Chile's President Michelle Bachelet discussing her proposed abortion measure at U.N. Women in 2015. (Credit: UN Women/Flickr)

Several Latin American countries are considering relaxing their laws on abortion, including El Salvador and Chile, which have some of the world’s strictest legislation on the procedure.

The Guardian reported that in El Salvador, momentum is building around a parliamentary bill that would loosen a law that has restricted abortion under all circumstances since 1998.

The change would allow abortion in cases of rape or human trafficking; when the fetus in unviable; or to protect the pregnant woman’s health or life.

“It smells and feels like change,” said Sara García, a campaigner with the Citizens’ Group for the Decriminalization of Abortion, to the Guardian. “Politicians must make amends for the damage done to thousands of women … there is no going back.”
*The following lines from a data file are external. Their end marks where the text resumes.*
lemma stable_rejects:
  assumes inst: "spa_instance I" and N': "stable I N'"
    and acc: "acceptable I s p" and notin: "(s, p) \<notin> N'"
    and prefers: "\<not> assigned N' s \<or> (p, Mstu N' s) \<in> spref I s"
  shows "\<forall>t\<in>Mproj N' p. (t, s) \<in> lpref I (lec I p)"
    and "proj_full I N' p \<or> outranked I N' (lec I p) s"
proof -
  define l where "l = lec I p"
  have N'_matching: "matching I N'" and not_blocking: "\<not> blocking I N' s p"
    using N' by (auto simp: stable_def)
  have s: "s \<in> lstudents I l" and p: "p \<in> Proj I" "l \<in> Lec I"
    using acc inst by (auto simp: acceptable_def spa_instance_def l_def)
  have no_block:
    "\<not> (proj_under I N' p \<and> lec_under I N' l)"
    "\<not> (proj_under I N' p \<and> lec_full I N' l \<and> s \<in> Mlec I N' l)"
    "\<not> (proj_under I N' p \<and> lec_full I N' l \<and> prefers_to_worst I l s (Mlec I N' l))"
    "\<not> (proj_full I N' p \<and> prefers_to_worst I l s (Mproj N' p))"
    using not_blocking acc notin prefers by (auto simp: blocking_def Let_def l_def)
  have s_notin: "s \<notin> Mproj N' p"
    using notin by (simp add: Mproj_def)
  have Mlec_lstudents: "Mlec I N' l \<subseteq> lstudents I l"
    using matching_memD(4)[OF inst N'_matching] by (auto simp: Mlec_def)
  have Mproj_Mlec: "Mproj N' p \<subseteq> Mlec I N' l"
    unfolding l_def by (rule Mproj_subset_Mlec)
  have caps: "0 < pcap I p" "0 < lcap I l"
    "card (Mproj N' p) \<le> pcap I p" "card (Mlec I N' l) \<le> lcap I l"
    using inst p N'_matching by (auto simp: spa_instance_def matching_def)
  have "(\<forall>t\<in>Mproj N' p. (t, s) \<in> lpref I l) \<and> (proj_full I N' p \<or> outranked I N' l s)"
  proof (cases "proj_full I N' p")
    case True
    then have "Mproj N' p \<noteq> {}"
      using caps(1) by (auto simp: proj_full_def)
    then have "\<forall>t\<in>Mproj N' p. (t, s) \<in> lpref I l"
      using not_prefers_to_worstD[OF inst p(2) _ _ s s_notin] no_block(4) True
        Mlec_lstudents Mproj_Mlec by blast
    with True show ?thesis
      by blast
  next
    case False
    then have under: "proj_under I N' p"
      using caps(3) by (auto simp: proj_full_def proj_under_def)
    then have full: "lec_full I N' l" and "s \<notin> Mlec I N' l"
      using no_block(1,2) caps(4) by (auto simp: lec_full_def lec_under_def)
    moreover have "Mlec I N' l \<noteq> {}"
      using full caps(2) by (auto simp: lec_full_def)
    ultimately have "\<forall>t\<in>Mlec I N' l. (t, s) \<in> lpref I l"
      using not_prefers_to_worstD[OF inst p(2) Mlec_lstudents _ s] no_block(3) under by blast
    then show ?thesis
      using full Mproj_Mlec by (auto simp: outranked_def)
  qed
  then show "\<forall>t\<in>Mproj N' p. (t, s) \<in> lpref I (lec I p)"
    and "proj_full I N' p \<or> outranked I N' (lec I p) s"
    by (simp_all add: l_def)
qed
Meanwhile, in South America, Chile’s congress is close to passing a bill that would reverse one of the last acts of Pinochet’s government, which banned it under all circumstances in 1989.

If approved, the bill would permit the procedure in cases of fetal unviability, threat to the mother’s life and cases of rape. El Día reported that the legislation was approved in Chile’s Senate in January, and is being discussed in Congress this month.
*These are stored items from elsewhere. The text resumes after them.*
lemma invertible_if_positive_definite:
  fixes A :: "real^'n^'n"
  assumes "\<And>v. v \<noteq> 0 \<Longrightarrow> v \<bullet> (A *v v) > 0"
  shows "invertible A"
proof -
  have "\<forall>x. A *v x = 0 \<longrightarrow> x = 0"
    using assms by (metis inner_zero_right less_irrefl)
  then show ?thesis
    by (simp add: invertible_left_inverse matrix_left_invertible_ker)
qed

lemma transpose_integral:
  fixes f :: "'a \<Rightarrow> real^'n^'m"
  assumes "integrable M f"
  shows "transpose (\<integral>x. f x \<partial>M) = (\<integral>x. transpose (f x) \<partial>M)"
proof -
  have "linear (transpose :: real^'n^'m \<Rightarrow> real^'m^'n)"
    by (rule linearI) (simp_all add: transpose_def vec_eq_iff)
  then have "bounded_linear (transpose :: real^'n^'m \<Rightarrow> real^'m^'n)"
    by (rule linear_conv_bounded_linear[THEN iffD1])
  from integral_bounded_linear[OF this assms] show ?thesis ..
qed

lemma Pmat_mult_vector: "Pmat H eta t *v x = x - eta t *\<^sub>R (H *v x)"
  by (simp add: Pmat_def matrix_vector_mult_diff_rdistrib scaleR_matrix_vector_assoc)

lemma Pmat_mult_commute: "Pmat H eta i ** Pmat H eta j = Pmat H eta j ** Pmat H eta i"
  by (simp add: matrix_eq flip: matrix_vector_mul_assoc)
    (simp add: Pmat_mult_vector algebra_simps)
El Salvador and Chile join Honduras, Nicaragua, Malta and the Vatican as the only six countries in the world that criminalize abortion under all circumstances.

Even in some Latin American countries that allow abortions, politicians are mulling over more liberal legislation on the procedure. La Página reported that Bolivia, which already permits abortion in cases of rape, incest and threat to the mother’s life, is considering a legal reform that would decriminalize the procedure for women “in a situation of homelessness or extreme poverty,” who lack the means to support their family, and have three or more children.
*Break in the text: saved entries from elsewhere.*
(* Let $$A=\begin{bmatrix}-1&0&1&0&0&0\\0&-1&0&0&0&0\\0&0&3&0&0&0\\0&0&1&4&0&0\\0&0&0&0&4&0\\0&0&0&0&0&4\end{bmatrix},\qquad B=\begin{bmatrix}0\\1\\1\\0\\0\\1\end{bmatrix}.$$ Then $r_c(A,B)=3$, whereas $\min\{|J|: J\subseteq\{1,\dots,6\},\ (A,[B,I_6(:,J)])\text{ controllable}\}=2$.
   Context: $r_c(A,B)=\min\{\|[\Delta A,\Delta B]\|_0: \Delta A\in\mathbb{R}^{n\times n},\Delta B\in\mathbb{R}^{n\times m},(A+\Delta A,B+\Delta B)\text{ controllable}\}$, where $\|M\|_0$ is the number of nonzero entries of $M$. $I_6(:,J)$ is the submatrix of the $6\times6$ identity formed by columns indexed by $J$. Controllability means $\operatorname{rank}[B,AB,\dots,A^{n-1}B]=n$. *)

theory Defs
  imports "Jordan_Normal_Form.DL_Rank"
begin

text \<open>Matrices are Jordan_Normal_Form matrices (type real mat), indices start at 0.\<close>

definition kalman_mat :: "'a::comm_ring_1 mat \<Rightarrow> 'a mat \<Rightarrow> 'a mat" where
  "kalman_mat A B = mat_of_cols (dim_row A)
     (concat (map (\<lambda>k. cols ((A ^\<^sub>m k) * B)) [0..<dim_row A]))"

definition controllable :: "'a::field mat \<Rightarrow> 'a mat \<Rightarrow> bool" where
  "controllable A B \<longleftrightarrow> vec_space.rank (dim_row A) (kalman_mat A B) = dim_row A"

definition nnz :: "'a::zero mat \<Rightarrow> nat" where
  "nnz M = card {(i,j). i < dim_row M \<and> j < dim_col M \<and> M $$ (i,j) \<noteq> 0}"

text \<open>Sparsest controllability radius r_c(A,B); the zero-norm of [dA, dB] is nnz dA + nnz dB.\<close>
definition rc :: "real mat \<Rightarrow> real mat \<Rightarrow> nat" where
  "rc A B = Inf {nnz dA + nnz dB | dA dB.
      dA \<in> carrier_mat (dim_row A) (dim_row A) \<and>
      dB \<in> carrier_mat (dim_row A) (dim_col B) \<and>
      controllable (A + dA) (B + dB)}"

definition aug_cols :: "real mat \<Rightarrow> nat set \<Rightarrow> real mat" where
  "aug_cols B J = mat_of_cols (dim_row B)
     (cols B @ map (\<lambda>j. unit_vec (dim_row B) j) (sorted_list_of_set J))"

definition A7 :: "real mat" where
  "A7 = mat_of_rows_list 6
     [[-1, 0, 1, 0, 0, 0],
      [ 0,-1, 0, 0, 0, 0],
      [ 0, 0, 3, 0, 0, 0],
      [ 0, 0, 1, 4, 0, 0],
      [ 0, 0, 0, 0, 4, 0],
      [ 0, 0, 0, 0, 0, 4]]"

definition B7 :: "real mat" where
  "B7 = mat_of_rows_list 1 [[0],[1],[1],[0],[0],[1]]"

end

theory Submission
  imports Defs
begin

(* A left eigenvector w of A with w\<^sup>T B = 0 (an uncontrollable mode in the sense of the
   Popov-Belevitch-Hautus test) is orthogonal to every column A^k B of the Kalman matrix, so it
   certifies that (A, B) is not controllable, and it stays a certificate under perturbations of
   [A, B] confined to the rows where w vanishes.  For (A7, B7) the eigenvalue 4 has two such
   vectors with disjoint supports, e4 and (0,0,1,1,0,-1), and the eigenvalue -1 has
   (-4,-1,1,0,0,0).  Two nonzero entries of [dA, dB] lie in at most two rows; unless these are
   the rows 2 and 4, one of the three vectors survives, and for the rows 2 and 4 a certificate
   is rebuilt from the perturbed entries.  Likewise a single extra column e_j misses the support
   of one of the two eigenvalue-4 certificates.  Three entries and the two columns e2, e4 do
   suffice, as shown by nonsingular Krylov matrices. *)

context vec_space
begin

lemma maximal_lin_indpt_cols_exists:
  obtains S where "maximal S (\<lambda>T. T \<subseteq> set (cols K) \<and> lin_indpt T)"
  using maximal_exists[of "\<lambda>T. T \<subseteq> set (cols K) \<and> lin_indpt T" "card (set (cols K))" "{}"]
  by (meson List.finite_set card_mono empty_iff empty_subsetI finite_lin_indpt2 rev_finite_subset)

lemma rank_le_dim:
  assumes K: "K \<in> carrier_mat n nc"
  shows "rank K \<le> n"
proof -
  obtain S where S: "maximal S (\<lambda>T. T \<subseteq> set (cols K) \<and> lin_indpt T)"
    using maximal_lin_indpt_cols_exists .
  then have "S \<subseteq> set (cols K)" "lin_indpt S" unfolding maximal_def by blast+
  moreover have "set (cols K) \<subseteq> carrier_vec n" using K cols_dim by blast
  ultimately have "card S \<le> dim" using li_le_dim(2)[OF fin_dim] by (meson order_trans)
  then show ?thesis using rank_card_indpt[OF K S] dim_is_n by simp
qed

lemma rank_less_if_orthogonal_cols:
  assumes K: "K \<in> carrier_mat n nc" and w: "w \<in> carrier_vec n" "w \<noteq> 0\<^sub>v n"
    and orth: "\<And>v. v \<in> set (cols K) \<Longrightarrow> w \<bullet> v = 0"
  shows "rank K < n"
proof (rule ccontr)
  assume "\<not> rank K < n"
  then have "rank K = n" using rank_le_dim[OF K] by simp
  obtain S where S: "maximal S (\<lambda>T. T \<subseteq> set (cols K) \<and> lin_indpt T)"
    using maximal_lin_indpt_cols_exists .
  then have SK: "S \<subseteq> set (cols K)" and li: "lin_indpt S" unfolding maximal_def by blast+
  have S_carrier: "S \<subseteq> carrier_vec n" using SK K cols_dim by blast
  have "finite S" using SK finite_subset by blast
  moreover have "card S = dim" using rank_card_indpt[OF K S] \<open>rank K = n\<close> dim_is_n by simp
  ultimately have "basis S" using dim_li_is_basis[OF fin_dim _ _ li] S_carrier by simp
  then have span_S: "span S = carrier_vec n" unfolding basis_def by simp
  have "w \<in> orthogonal_complement S"
    using w(1) orth SK unfolding orthogonal_complement_def by blast
  then have w_orth: "w \<in> orthogonal_complement (carrier_vec n)"
    using in_orthogonal_complement_span[OF S_carrier] span_S by simp
  have "w = 0\<^sub>v n"
  proof (rule eq_vecI)
    fix i assume i: "i < dim_vec (0\<^sub>v n)"
    then have "w $ i = w \<bullet> unit_vec n i" by (simp add: scalar_prod_right_unit)
    also have "\<dots> = 0" using w_orth unfolding orthogonal_complement_def by simp
    finally show "w $ i = 0\<^sub>v n $ i" using i by simp
  qed (use w in simp)
  with w(2) show False ..
qed

lemma rank_eq_if_nonsingular_submatrix:
  assumes K: "K \<in> carrier_mat n nc" and C: "C \<in> carrier_mat n n"
    and sub: "set (cols C) \<subseteq> set (cols K)"
    and ker: "\<And>v. v \<in> carrier_vec n \<Longrightarrow> C *\<^sub>v v = 0\<^sub>v n \<Longrightarrow> v = 0\<^sub>v n"
  shows "rank K = n"
proof -
  have "det C \<noteq> 0" using det_0_iff_vec_prod_zero_field[OF C] ker by blast
  then have rank_C: "rank C = n" using det_rank_iff[OF C] by simp
  then have dist: "distinct (cols C)" using non_distinct_low_rank[OF C] by (metis less_irrefl)
  have "lin_indpt (set (cols C))" using full_rank_lin_indpt[OF C rank_C dist] .
  moreover have "card (set (cols C)) = n" using distinct_card[OF dist] C by simp
  ultimately have "n \<le> rank K" using rank_ge_card_indpt[OF K sub] by metis
  then show ?thesis using rank_le_dim[OF K] by simp
qed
The change would also permit abortion at any stage of pregnancy when there is a risk to the mother’s life, when there is a suspected disability, and when a young girl becomes pregnant because of rape or incest.

Vatican Radio reported that Bolivian bishops have decried the proposed change, appealing to legislators “to defend the right to life, which is seen as seriously threatened by this proposal for reform.”

“As the Church, we cannot accept these premises,” Bishop Aurelio Pesoa Ribera, the secretary general of the Bishop’s Conference, said earlier this month. “The state has the obligation to implement public policies aimed at improving the lives of people and policies of support to pregnant woman, as well as violence prevention.”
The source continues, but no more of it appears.